Thailand has granted its first virtual bank operating licence to the Clicx bank consortium, paving the way for the country’s first digital-only banking institution under the Bank of Thailand’s newly adopted virtual banking framework.

According to Fintech News Singapore, the Bank of Thailand granted the licence on 14 May 2026, making Clicx the first approved virtual bank applicant in the country to secure an operating licence. The finance minister also approved commercial banking and regulated payment services for the entity, which is backed by Krungthai Bank, Advanced Info Service (AIS), and PTT Oil and Retail Business (the “OR” unit of the state-owned PTT Group) in a consortium that brings together banking, telecommunications, and energy retail expertise.
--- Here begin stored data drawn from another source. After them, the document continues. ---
(* Consider LinIMED-1 under Assumption 1 with $\sqrt\lambda S\ge1$. Then for every free parameter $0<\Gamma<1$, $$F_2\le 2T\Gamma+O\Big(\frac{d\beta_T\log T}{\Gamma}\Big)\log\Big(1+\frac{L^2\beta_T\log T}{\lambda\Gamma^2}\Big),$$ and with the choice $\Gamma=d\log^{3/2}(T)/\sqrt T$, $F_2\le O(d\sqrt T\log^{3/2}T)$.
   Context: Stochastic linear bandit model: at each round $t=1,\dots,T$ the learner observes an arm set $\mathcal{A}_t$, each arm $a$ with context $x_{t,a}\in\mathbb{R}^d$; it chooses $A_t$, $X_t:=x_{t,A_t}$, and observes $Y_t=\langle\theta^*,X_t\rangle+\eta_t$ with $\eta_t$ conditionally $R$-sub-Gaussian given $A_1,\dots,A_t,Y_1,\dots,Y_{t-1}$. Assumption 1: $\|x_{t,a}\|\le L$, $\|\theta^*\|\le S$, and all gaps $\max_a\langle\theta^*,x_{t,a}\rangle-\langle\theta^*,x_{t,b}\rangle\le1$. LinIMED-1 with parameter $\lambda>0$: $V_0=\lambda I_d$, $W_0=0$, $\hat\theta_t=V_t^{-1}W_t$, $V_t=V_{t-1}+X_tX_t^\top$, $W_t=W_{t-1}+Y_tX_t$; at round $t$, with $\gamma=1/t^2$, $\beta_{t-1}=\big(R\sqrt{d\log\frac{1+(t-1)L^2/\lambda}{\gamma}}+\sqrt\lambda S\big)^2$ (and $\beta_T$ the analogous quantity at $T$); $\hat\mu_{t,a}=\langle\hat\theta_{t-1},x_{t,a}\rangle$, $\hat\Delta_{t,a}=\max_j\hat\mu_{t,j}-\hat\mu_{t,a}$, $g_{t,a}=\beta_{t-1}\|x_{t,a}\|^2_{V_{t-1}^{-1}}$ where $\|x\|_A=\sqrt{x^\top Ax}$; the index is $I_{t,a}=-\log g_{t,a}$ for $a=\arg\max_j\hat\mu_{t,j}$ and $I_{t,a}=\hat\Delta^2_{t,a}/g_{t,a}-\log g_{t,a}$ otherwise; $A_t=\arg\min_aI_{t,a}$. Regret decomposition: let $x_t^*=x_{t,a_t^*}$ with $a_t^*=\arg\max_a\langle\theta^*,x_{t,a}\rangle$, $\Delta_t=\langle\theta^*,x^*_t\rangle-\langle\theta^*,X_t\rangle$, $\delta=\Delta_t/\sqrt{\log T}$, $\epsilon=(1-2/\sqrt{\log T})\Delta_t$. Events: $B_t=\{\|\hat\theta_{t-1}-\theta^*\|_{V_{t-1}}\le\sqrt{\beta_{t-1}}\}$, $C_t=\{\max_b\langle\hat\theta_{t-1},x_{t,b}\rangle>\langle\theta^*,x^*_t\rangle-\delta\}$, $D_t=\{\hat\Delta_{t,A_t}\ge\epsilon\}$. Define $F_1=\mathbb{E}\sum_t\Delta_t\mathbb{1}\{B_t,C_t,D_t\}$, $F_2=\mathbb{E}\sum_t\Delta_t\mathbb{1}\{B_t,C_t,\overline D_t\}$, $F_3=\mathbb{E}\sum_t\Delta_t\mathbb{1}\{B_t,\overline C_t\}$, $F_4=\mathbb{E}\sum_t\Delta_t\mathbb{1}\{\overline B_t\}$, so that $R_T=F_1+F_2+F_3+F_4$. $O(\cdot)$ hides constants not depending on $T,d,\Gamma$. *)

theory Defs
  imports "Jordan_Normal_Form.Gauss_Jordan_Elimination" "HOL-Probability.Probability" "HOL-Probability.Conditional_Expectation"
begin

definition vnorm :: "real Matrix.vec \<Rightarrow> real" where
  "vnorm v = sqrt (v \<bullet> v)"

definition wnorm :: "real mat \<Rightarrow> real Matrix.vec \<Rightarrow> real" where
  "wnorm A v = sqrt (v \<bullet> (A *\<^sub>v v))"

text \<open>Matrix inverse (Gauss-Jordan; the matrices inverted below are positive definite).\<close>
definition minv :: "real mat \<Rightarrow> real mat" where
  "minv A = the (mat_inverse A)"

definition outer :: "real Matrix.vec \<Rightarrow> real mat" where
  "outer v = Matrix.mat (dim_vec v) (dim_vec v) (\<lambda>(i, j). v $ i * v $ j)"

text \<open>At round t there are narms t arms, indexed 0..<narms t, arm a has context ctx t a.
  theta is the unknown parameter theta^*.\<close>
record lb_instance =
  dim :: nat
  narms :: "nat \<Rightarrow> nat"
  ctx :: "nat \<Rightarrow> nat \<Rightarrow> real Matrix.vec"
  theta :: "real Matrix.vec"

definition lin_beta :: "real \<Rightarrow> real \<Rightarrow> real \<Rightarrow> real \<Rightarrow> nat \<Rightarrow> nat \<Rightarrow> real \<Rightarrow> real" where
  "lin_beta R S L lam d n \<gamma> =
     (R * sqrt (real d * ln ((1 + real n * L\<^sup>2 / lam) / \<gamma>)) + sqrt lam * S)\<^sup>2"

text \<open>beta_{t-1} used at round t, with gamma = 1/t^2.\<close>
definition beta_prev :: "real \<Rightarrow> real \<Rightarrow> real \<Rightarrow> real \<Rightarrow> nat \<Rightarrow> nat \<Rightarrow> real" where
  "beta_prev R S L lam d t = lin_beta R S L lam d (t - 1) (1 / (real t)\<^sup>2)"

text \<open>The LinIMED index of arm a at round t, given V_{t-1} and W_{t-1}.
  -log 0 is read as +infinity (extended reals).\<close>
definition imed_index ::
  "real \<Rightarrow> real \<Rightarrow> real \<Rightarrow> real \<Rightarrow> ('z) lb_instance_scheme \<Rightarrow> nat \<Rightarrow> real mat \<Rightarrow> real Matrix.vec \<Rightarrow> nat \<Rightarrow> ereal" where
  "imed_index R S L lam P t V W a =
     (let th = minv V *\<^sub>v W;
          mu = (\<lambda>b. th \<bullet> ctx P t b);
          m = Max (mu ` {..<narms P t});
          g = beta_prev R S L lam (dim P) t * (wnorm (minv V) (ctx P t a))\<^sup>2
      in if g = 0 then PInfty
         else if mu a = m then ereal (- ln g)
         else ereal ((m - mu a)\<^sup>2 / g - ln g))"

text \<open>Chosen arm at round t: an arg-min of the index (ties broken by smallest arm index).\<close>
definition linimed_choice ::
  "real \<Rightarrow> real \<Rightarrow> real \<Rightarrow> real \<Rightarrow> ('z) lb_instance_scheme \<Rightarrow> nat \<Rightarrow> real mat \<Rightarrow> real Matrix.vec \<Rightarrow> nat" where
  "linimed_choice R S L lam P t V W =
     (LEAST a. a < narms P t \<and>
        (\<forall>b < narms P t. imed_index R S L lam P t V W a \<le> imed_index R S L lam P t V W b))"

text \<open>State (V_t, W_t) after t rounds; the noise realisation is omega, eta_t = omega t.\<close>
primrec linimed_state ::
  "real \<Rightarrow> real \<Rightarrow> real \<Rightarrow> real \<Rightarrow> ('z) lb_instance_scheme \<Rightarrow> (nat \<Rightarrow> real) \<Rightarrow> nat \<Rightarrow> real mat \<times> real Matrix.vec" where
  "linimed_state R S L lam P \<omega> 0 = (lam \<cdot>\<^sub>m 1\<^sub>m (dim P), 0\<^sub>v (dim P))"
| "linimed_state R S L lam P \<omega> (Suc t) =
     (let VW = linimed_state R S L lam P \<omega> t;
          a = linimed_choice R S L lam P (Suc t) (fst VW) (snd VW);
          X = ctx P (Suc t) a;
          Y = theta P \<bullet> X + \<omega> (Suc t)
      in (fst VW + outer X, snd VW + Y \<cdot>\<^sub>v X))"

definition Vprev where "Vprev R S L lam P \<omega> t = fst (linimed_state R S L lam P \<omega> (t - 1))"
definition Wprev where "Wprev R S L lam P \<omega> t = snd (linimed_state R S L lam P \<omega> (t - 1))"

text \<open>A_t, X_t and hat theta_{t-1} (indexed by the round t).\<close>
definition arm where
  "arm R S L lam P \<omega> t = linimed_choice R S L lam P t (Vprev R S L lam P \<omega> t) (Wprev R S L lam P \<omega> t)"
definition thetahat where
  "thetahat R S L lam P \<omega> t = minv (Vprev R S L lam P \<omega> t) *\<^sub>v Wprev R S L lam P \<omega> t"

definition best_val :: "('z) lb_instance_scheme \<Rightarrow> nat \<Rightarrow> real" where
  "best_val P t = Max ((\<lambda>a. theta P \<bullet> ctx P t a) ` {..<narms P t})"

definition gap where
  "gap R S L lam P \<omega> t = best_val P t - theta P \<bullet> ctx P t (arm R S L lam P \<omega> t)"

definition event_B where
  "event_B R S L lam P \<omega> t \<longleftrightarrow>
     wnorm (Vprev R S L lam P \<omega> t) (thetahat R S L lam P \<omega> t - theta P)
       \<le> sqrt (beta_prev R S L lam (dim P) t)"

definition event_C where
  "event_C R S L lam P T \<omega> t \<longleftrightarrow>
     Max ((\<lambda>b. thetahat R S L lam P \<omega> t \<bullet> ctx P t b) ` {..<narms P t})
       > best_val P t - gap R S L lam P \<omega> t / sqrt (ln (real T))"

definition emp_gap where
  "emp_gap R S L lam P \<omega> t a =
     Max ((\<lambda>b. thetahat R S L lam P \<omega> t \<bullet> ctx P t b) ` {..<narms P t})
       - thetahat R S L lam P \<omega> t \<bullet> ctx P t a"

definition event_D where
  "event_D R S L lam P T \<omega> t \<longleftrightarrow>
     emp_gap R S L lam P \<omega> t (arm R S L lam P \<omega> t)
       \<ge> (1 - 2 / sqrt (ln (real T))) * gap R S L lam P \<omega> t"

definition F2 :: "real \<Rightarrow> real \<Rightarrow> real \<Rightarrow> real \<Rightarrow> ('z) lb_instance_scheme \<Rightarrow> nat \<Rightarrow> (nat \<Rightarrow> real) measure \<Rightarrow> real" where
  "F2 R S L lam P T M =
     (\<integral>\<omega>. (\<Sum>t\<in>{1..T}. gap R S L lam P \<omega> t *
        (if event_B R S L lam P \<omega> t \<and> event_C R S L lam P T \<omega> t \<and> \<not> event_D R S L lam P T \<omega> t
         then 1 else 0)) \<partial>M)"

definition beta_T :: "real \<Rightarrow> real \<Rightarrow> real \<Rightarrow> real \<Rightarrow> nat \<Rightarrow> nat \<Rightarrow> real" where
  "beta_T R S L lam d T = lin_beta R S L lam d T (1 / (real T)\<^sup>2)"

definition assumption1 :: "real \<Rightarrow> real \<Rightarrow> ('z) lb_instance_scheme \<Rightarrow> nat \<Rightarrow> bool" where
  "assumption1 S L P T \<longleftrightarrow>
     theta P \<in> carrier_vec (dim P) \<and> vnorm (theta P) \<le> S \<and>
     (\<forall>t\<in>{1..T}. narms P t \<ge> 1 \<and>
        (\<forall>a < narms P t. ctx P t a \<in> carrier_vec (dim P) \<and> vnorm (ctx P t a) \<le> L) \<and>
        (\<forall>b < narms P t. best_val P t - theta P \<bullet> ctx P t b \<le> 1))"

definition hist :: "nat \<Rightarrow> (nat \<Rightarrow> real) measure" where
  "hist t = sigma UNIV {(\<lambda>\<omega>. \<omega> i) -` A | i A. i \<in> {1..t} \<and> A \<in> sets borel}"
Clicx plans to serve underserved customers with irregular income or limited traditional financial records, including gig workers, small merchants, new workers, and other financially excluded segments. The bank will rely on artificial intelligence and non-traditional data sources to assess customer creditworthiness, incorporating data linked to everyday behaviour and service usage. This marks a significant departure from conventional collateral-based lending models that have long excluded large swathes of the Thai population from formal financial services.

Thailand approved three virtual bank applications in June 2025: the ACM Holding consortium, the Krungthai-AIS-OR consortium, and the SCB X-WEBANK-KakaoBank consortium. The regulator has allowed additional time for setup beyond the original one-year timeline, with Bank of Thailand Governor Vitai Ratanakorn indicating that at least two virtual banks should begin operations by the end of 2026. Clicx plans to launch services next month. Its approval marks a decisive progression in Thailand’s ambition to deepen financial inclusion through digital banking innovation, while establishing key precedents for AI-driven underwriting and alternative credit scoring in Southeast Asia.